§ **YOUR OBJECTIVE**: From the data that follows, copy every line with the string "tedges".

INFORMATION PROVIDED: Begin

(* A cubical iterated graph system is of bounded geometry.
   Context: Graphs: $(V,E)$, $V$ finite non-empty, $E\subseteq V\times V$, $(x,y)\in E\Rightarrow(y,x)\notin E$; $\{x,y\}\in E$ means either orientation; a path is a sequence $[x_1,\dots,x_k]$ ($k\ge1$) with $\{x_i,x_{i+1}\}\in E$, of length $k-1$; $d_G$ is the path metric. An iterated graph system (IGS) $\mathfrak R$ consists of a connected graph $G_1=(S,E)$, a finite set $\mathcal T$ of types, a surjective typing $\mathfrak t:E\to\mathcal T$ and non-empty gluing rules $I_t\subseteq S\times S$. With $W_m=S^m$, $W_\#=\bigcup_{m\ge1}W_m$, $[w]_k=w_1\cdots w_k$, the replacement graphs $G_m=(W_m,E_m)$ are defined recursively: $(w,v)\in E_{m+1}$ iff either (1) $[w]_m=[v]_m$ and $(w_{m+1},v_{m+1})\in E$ (type $\mathfrak t(w_{m+1},v_{m+1})$), or (2) $([w]_m,[v]_m)\in E_m$ and $(w_{m+1},v_{m+1})\in I_{\mathfrak t([w]_m,[v]_m)}$ (type $\mathfrak t([w]_m,[v]_m)$). For $n\ge k$, $\pi_{n,k}$ maps a path of $G_n$ to the path of $G_k$ obtained by replacing each vertex $w$ by $[w]_k$ and deleting consecutive repetitions. A path $\theta$ in $G_m$ is an intersection path if there are paths $\theta_n$ in $G_n$ ($n\in\mathbb N$) with $\theta_m=\theta$, $\pi_{n,k}(\theta_n)=\theta_k$ for $n>k$, and $\lim_n\operatorname{len}(\theta_n)<\infty$. $\mathcal N(w)=\{v\in W_{|w|}:$ there is an intersection path from $w$ to $v\}$; $\mathfrak R$ is of bounded geometry if $\sup_{w\in W_\#}\operatorname{diam}_{d_{G_{|w|}}}(\mathcal N(w))<\infty$. Mapping of IGS $\varphi:\mathfrak R\to\mathfrak R'$: a graph mapping $G_1\to G_1'$ (edges go to edges or are collapsed) such that (i) if $\varphi(w_1)=\varphi(v_1)$ for an edge $\{w_1,v_1\}$ of type $t$ then $\varphi(w_2)=\varphi(v_2)$ for all $(w_2,v_2)\in I_t$; (ii) if $(w_1,v_1)\in E$ has type $t$ and $(\varphi(w_1),\varphi(v_1))\in E'$ has type $t'$ then $(\varphi(w_2),\varphi(v_2))\in I'_{t'}$ for all $(w_2,v_2)\in I_t$; (iii) if $(w_1,v_1)\in E$ has type $t$ and $(\varphi(v_1),\varphi(w_1))\in E'$ has type $t'$ then $(\varphi(v_2),\varphi(w_2))\in I'_{t'}$ for all $(w_2,v_2)\in I_t$. An isomorphism of IGS is a graph isomorphism such that it and its inverse are mappings of IGS; $\mathfrak R\subseteq\mathfrak R'$ (sub-system) means $S\subseteq S'$, same types, inclusion is a mapping of IGS. Cubical IGS: for integers $d_*\ge1,s_*\ge1,L_*\ge3$, $\mathfrak R(d_*,L_*,s_* )$ has symbols $\{1,\dots,L_*\}^{d_*}\times\{\underline1,\dots,\underline{s_*}\}$ with coordinates $c_i$ and sheet $s$; types $t_1,\dots,t_{d_*}$; $(w,v)$ is an edge of type $t_j$ iff $c_i(v)=c_i(w)$ ($i\ne j$), $c_j(v)=c_j(w)+1$; $(w,v)\in I_{t_j}$ iff $c_i(w)=c_i(v)$ ($i\ne j$), $(c_j(w),c_j(v))=(L_*,1)$, $s(w)=s(v)$. Sheet- and other-coordinate-preserving maps: $\eta_j:c_j\mapsto L_*+1-c_j$; $\alpha^+_{j,k}$ ($j\ne k$) swaps $c_j,c_k$; $\alpha^-_{j,k}$: $c_k\mapsto L_*+1-c_j$, $c_j\mapsto L_*+1-c_k$; $\mathcal G$ is the set of these. A cubical IGS is a sub-system $\mathfrak R\subseteq\mathfrak R(d_*,L_*,s_* )$ with: (C1) for each $j$, every symbol with $c_i\in\{1,L_*\}$ for all $i\ne j$ and sheet $\underline1$ (condition $(\ast_j)$) is in $S(\mathfrak R)$; (C2) if $w,v$ satisfy $(\ast_j)$, agree in coordinates $i\ne j$, and $c_j(v)=c_j(w)+1$, then $(w,v)\in E(\mathfrak R)$; (C3) if $w,v$ satisfy $(\ast_j)$, agree in coordinates $i\ne j$, and $(c_j(w),c_j(v))=(L_*,1)$, then $(w,v)\in I_{t_j}(\mathfrak R)$; (C4) each $\alpha\in\mathcal G$ restricts to an isomorphism of IGS $\mathfrak R\to\mathfrak R$. *)

theory Defs
  imports Main "HOL-Library.Extended_Nat"
begin

definition is_path :: "'v set \<Rightarrow> ('v \<times> 'v) set \<Rightarrow> 'v list \<Rightarrow> bool" where
  "is_path V E p \<longleftrightarrow> p \<noteq> [] \<and> set p \<subseteq> V \<and>
     (\<forall>i. Suc i < length p \<longrightarrow> (p ! i, p ! Suc i) \<in> E \<or> (p ! Suc i, p ! i) \<in> E)"

definition plen :: "'v list \<Rightarrow> nat" where
  "plen p = length p - 1"

text \<open>Path metric (with value \<infinity> if no path exists).\<close>
definition gdist :: "'v set \<Rightarrow> ('v \<times> 'v) set \<Rightarrow> 'v \<Rightarrow> 'v \<Rightarrow> enat" where
  "gdist V E x y = (INF p \<in> {p. is_path V E p \<and> hd p = x \<and> last p = y}. enat (plen p))"

definition gdiam :: "'v set \<Rightarrow> ('v \<times> 'v) set \<Rightarrow> 'v set \<Rightarrow> enat" where
  "gdiam V E A = (SUP xy \<in> A \<times> A. gdist V E (fst xy) (snd xy))"

definition is_graph :: "'v set \<Rightarrow> ('v \<times> 'v) set \<Rightarrow> bool" where
  "is_graph V E \<longleftrightarrow> finite V \<and> V \<noteq> {} \<and> E \<subseteq> V \<times> V \<and>
     (\<forall>x y. (x, y) \<in> E \<longrightarrow> (y, x) \<notin> E)"

definition connected_graph :: "'v set \<Rightarrow> ('v \<times> 'v) set \<Rightarrow> bool" where
  "connected_graph V E \<longleftrightarrow> (\<forall>x\<in>V. \<forall>y\<in>V. \<exists>p. is_path V E p \<and> hd p = x \<and> last p = y)"

record ('a, 't) igs =
  syms :: "'a set"
  edg  :: "('a \<times> 'a) set"
  tys  :: "'t set"
  ityp :: "'a \<times> 'a \<Rightarrow> 't"          \<comment> \<open>typing (relevant on E only)\<close>
  glue :: "'t \<Rightarrow> ('a \<times> 'a) set"

definition is_igs :: "('a, 't) igs \<Rightarrow> bool" where
  "is_igs R \<longleftrightarrow> is_graph (syms R) (edg R) \<and> connected_graph (syms R) (edg R) \<and>
     finite (tys R) \<and> ityp R ` edg R = tys R \<and>
     (\<forall>t\<in>tys R. glue R t \<noteq> {} \<and> glue R t \<subseteq> syms R \<times> syms R)"

text \<open>Words: w = w_1 ... w_m is the list [w_1,...,w_m]; the prefix [w]_k is take k w.\<close>
definition words :: "('a, 't) igs \<Rightarrow> nat \<Rightarrow> 'a list set" where
  "words R m = {w. length w = m \<and> set w \<subseteq> syms R}"

definition all_words :: "('a, 't) igs \<Rightarrow> 'a list set" where
  "all_words R = (\<Union>m\<in>{1..}. words R m)"

text \<open>Typed edges of the replacement graph G_m: triples (w, v, type).\<close>
fun tedges :: "('a, 't) igs \<Rightarrow> nat \<Rightarrow> ('a list \<times> 'a list \<times> 't) set" where
  "tedges R 0 = {}"
| "tedges R (Suc m) =
     {(w @ [a], w @ [b], ityp R (a, b)) | w a b. w \<in> words R m \<and> (a, b) \<in> edg R}
   \<union> {(w @ [a], v @ [b], \<tau>) | w v \<tau> a b. (w, v, \<tau>) \<in> tedges R m \<and> (a, b) \<in> glue R \<tau>}"

definition redges :: "('a, 't) igs \<Rightarrow> nat \<Rightarrow> ('a list \<times> 'a list) set" where
  "redges R m = {(w, v). \<exists>\<tau>. (w, v, \<tau>) \<in> tedges R m}"

definition proj :: "nat \<Rightarrow> 'a list list \<Rightarrow> 'a list list" where
  "proj k p = remdups_adj (map (take k) p)"

definition intersection_path :: "('a, 't) igs \<Rightarrow> nat \<Rightarrow> 'a list list \<Rightarrow> bool" where
  "intersection_path R m \<theta> \<longleftrightarrow> 1 \<le> m \<and>
     (\<exists>\<Theta> :: nat \<Rightarrow> 'a list list.
        \<Theta> m = \<theta> \<and>
        (\<forall>n\<ge>1. is_path (words R n) (redges R n) (\<Theta> n)) \<and>
        (\<forall>n k. 1 \<le> k \<and> k < n \<longrightarrow> proj k (\<Theta> n) = \<Theta> k) \<and>
        convergent (\<lambda>n. real (plen (\<Theta> n))))"

definition nbhd :: "('a, 't) igs \<Rightarrow> 'a list \<Rightarrow> 'a list set" where
  "nbhd R w = {v \<in> words R (length w).
      \<exists>\<theta>. intersection_path R (length w) \<theta> \<and> hd \<theta> = w \<and> last \<theta> = v}"

definition bounded_geometry :: "('a, 't) igs \<Rightarrow> bool" where
  "bounded_geometry R \<longleftrightarrow>
     (SUP w \<in> all_words R. gdiam (words R (length w)) (redges R (length w)) (nbhd R w)) < \<infinity>"

definition igs_mapping :: "('a \<Rightarrow> 'b) \<Rightarrow> ('a, 's) igs \<Rightarrow> ('b, 't) igs \<Rightarrow> bool" where
  "igs_mapping \<phi> R R' \<longleftrightarrow>
     \<phi> ` syms R \<subseteq> syms R' \<and>
     (\<forall>(w, v) \<in> edg R. \<phi> w = \<phi> v \<or> (\<phi> w, \<phi> v) \<in> edg R' \<or> (\<phi> v, \<phi> w) \<in> edg R') \<and>
     (\<forall>(w1, v1) \<in> edg R.
        (\<phi> w1 = \<phi> v1 \<longrightarrow>
           (\<forall>(w2, v2) \<in> glue R (ityp R (w1, v1)). \<phi> w2 = \<phi> v2)) \<and>
        ((\<phi> w1, \<phi> v1) \<in> edg R' \<longrightarrow>
           (\<forall>(w2, v2) \<in> glue R (ityp R (w1, v1)).
               (\<phi> w2, \<phi> v2) \<in> glue R' (ityp R' (\<phi> w1, \<phi> v1)))) \<and>
        ((\<phi> v1, \<phi> w1) \<in> edg R' \<longrightarrow>
           (\<forall>(w2, v2) \<in> glue R (ityp R (w1, v1)).
               (\<phi> v2, \<phi> w2) \<in> glue R' (ityp R' (\<phi> v1, \<phi> w1)))))"

definition igs_iso :: "('a \<Rightarrow> 'b) \<Rightarrow> ('a, 's) igs \<Rightarrow> ('b, 't) igs \<Rightarrow> bool" where
  "igs_iso \<phi> R R' \<longleftrightarrow>
     bij_betw \<phi> (syms R) (syms R') \<and>
     (\<forall>a\<in>syms R. \<forall>b\<in>syms R.
        ((a, b) \<in> edg R \<or> (b, a) \<in> edg R) \<longleftrightarrow>
        ((\<phi> a, \<phi> b) \<in> edg R' \<or> (\<phi> b, \<phi> a) \<in> edg R')) \<and>
     igs_mapping \<phi> R R' \<and> igs_mapping (inv_into (syms R) \<phi>) R' R"

definition sub_igs :: "('a, 't) igs \<Rightarrow> ('a, 't) igs \<Rightarrow> bool" where
  "sub_igs R R' \<longleftrightarrow> is_igs R \<and> is_igs R' \<and> syms R \<subseteq> syms R' \<and> tys R = tys R' \<and>
     igs_mapping id R R'"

INFORMATION PROVIDED: End

§ **PROBLEM SOLUTION**:
fun tedges :: "('a, 't) igs \<Rightarrow> nat \<Rightarrow> ('a list \<times> 'a list \<times> 't) set" where
  "tedges R 0 = {}"
| "tedges R (Suc m) =
   \<union> {(w @ [a], v @ [b], \<tau>) | w v \<tau> a b. (w, v, \<tau>) \<in> tedges R m \<and> (a, b) \<in> glue R \<tau>}"
  "redges R m = {(w, v). \<exists>\<tau>. (w, v, \<tau>) \<in> tedges R m}"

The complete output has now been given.